Sorry in advance if this is in the wrong section. Feel free to move.

My brother is doing his reserve BMQ and just needs some help with the radio procedure. If anyone can give any tips or even a guide that would be much appreciated.

Thanks,
Ben


----------



## LoKe (7 Nov 2010)

Did you even search the forums or Google for "Voice Procedure"?  And if he's on course he should have the material available to him, at the very least he's able to ask his CoC.


----------



## Occam (7 Nov 2010)

The Bible of Voice Procedure.


----------



## PuckChaser (7 Nov 2010)

Occam said:
			
		

> The Bible of Voice Procedure.



Haven't seen that thing in a while!!!

I would use the basics from that manual, but any more than that and its real complex for what he needs. The Canadian version in the ACP125 CANSUPP 1(C), which has to be ordered from D Sigs. Either that, or find a friendly SigOp and we'll get you one.


----------



## mycocobean (7 Nov 2010)

He must have searched the wrong thing then. Thank you!


----------



## chavez243ca (30 Dec 2014)

Civilian in need of assistance here... I am working on a piece of fiction which includes a storyline involving some CF reservists. For the sake of authenticity I need some examples of dialogue in the correct vernacular - call signs, military slang - that sort of thing. Any assistance is greatly appreciated.

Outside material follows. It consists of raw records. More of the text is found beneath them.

text \<open>
  In eigencoordinates the update \<open>W\<^sup>-\<^sup>1 + \<eta> k E\<^sub>i\<^sub>i\<close> only changes the \<open>i\<close>-th eigenvalue
  \<open>mu\<close> of \<open>W\<close> into \<open>1 / (1 / mu + \<eta> k)\<close>, and the round gap is \<open>k\<close> times the difference.
\<close>

lemma rank_one_update_bound:
  fixes eta mu lam l :: real
  assumes eta: "0 < eta" and mu: "0 < mu" "mu \<le> 2 * lam" "2 * eta * mu \<le> lam^2"
    and l: "\<bar>l\<bar> \<le> 1"
  defines "k \<equiv> l / lam^2"
  shows "0 < 1 / mu + eta * k" and "lam^2 * (k * (mu - 1 / (1 / mu + eta * k))) \<le> 8 * eta * l^2"
proof -
  have lam2: "0 < lam^2" using eta mu by (smt (verit) mult_pos_pos)
  define x where "x = eta * mu * k"
  have "\<bar>eta * mu * l\<bar> \<le> eta * mu"
    using eta mu l by (simp add: abs_mult mult_left_le)
  then have "\<bar>x\<bar> \<le> 1/2"
    using lam2 mu by (simp add: x_def k_def abs_div field_simps)
  then have x: "1/2 \<le> 1 + x" by linarith
  have update: "1 / mu + eta * k = (1 + x) / mu"
    using mu by (simp add: x_def field_simps)
  then show "0 < 1 / mu + eta * k" using x mu by simp
  have "1 + x \<noteq> 0" using x by linarith
  then have "mu - 1 / (1 / mu + eta * k) = mu * x / (1 + x)"
    using mu unfolding update by (simp add: field_simps)
  then have "lam^2 * (k * (mu - 1 / (1 / mu + eta * k))) = l * mu * x / (1 + x)"
    using lam2 by (simp add: k_def)
  also have "\<dots> = eta * mu^2 * l^2 / (lam^2 * (1 + x))"
    using lam2 by (simp add: x_def k_def power2_eq_square)
  also have "\<dots> \<le> eta * mu^2 * l^2 / (lam^2 * (1/2))"
    using x lam2 eta by (intro divide_left_mono mult_left_mono mult_pos_pos) auto
  also have "\<dots> = 2 * eta * l^2 * (mu^2 / lam^2)"
    using lam2 by (simp add: field_simps)
  also have "\<dots> \<le> 2 * eta * l^2 * 4"
  proof -
    have "mu^2 \<le> (2 * lam)^2" using mu by (intro power_mono) auto
    then have "mu^2 / lam^2 \<le> 4" using lam2 by (simp add: field_simps power_mult_distrib)
    then show ?thesis using eta by (intro mult_left_mono) auto
  qed
  finally show "lam^2 * (k * (mu - 1 / (1 / mu + eta * k))) \<le> 8 * eta * l^2" by simp
qed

We can do it inline here, or take it offline via email etc.

Thanks in advance.


----------



## chavez243ca (30 Dec 2014)

mariomike said:
			
		

> Radio Procedures.
> https://army.ca/forums/threads/97457/post-988690.html#msg988690
> 
> Reply #2.



131 pages - yikes! 

Thanks for the link, looks like I have some reading to do.


----------



## Kat Stevens (30 Dec 2014)

Mike the linkmeister strikes again!


----------



## Occam (30 Dec 2014)

I don't even remember posting that...but I can't remember what I had for breakfast, either.   :dunno:


----------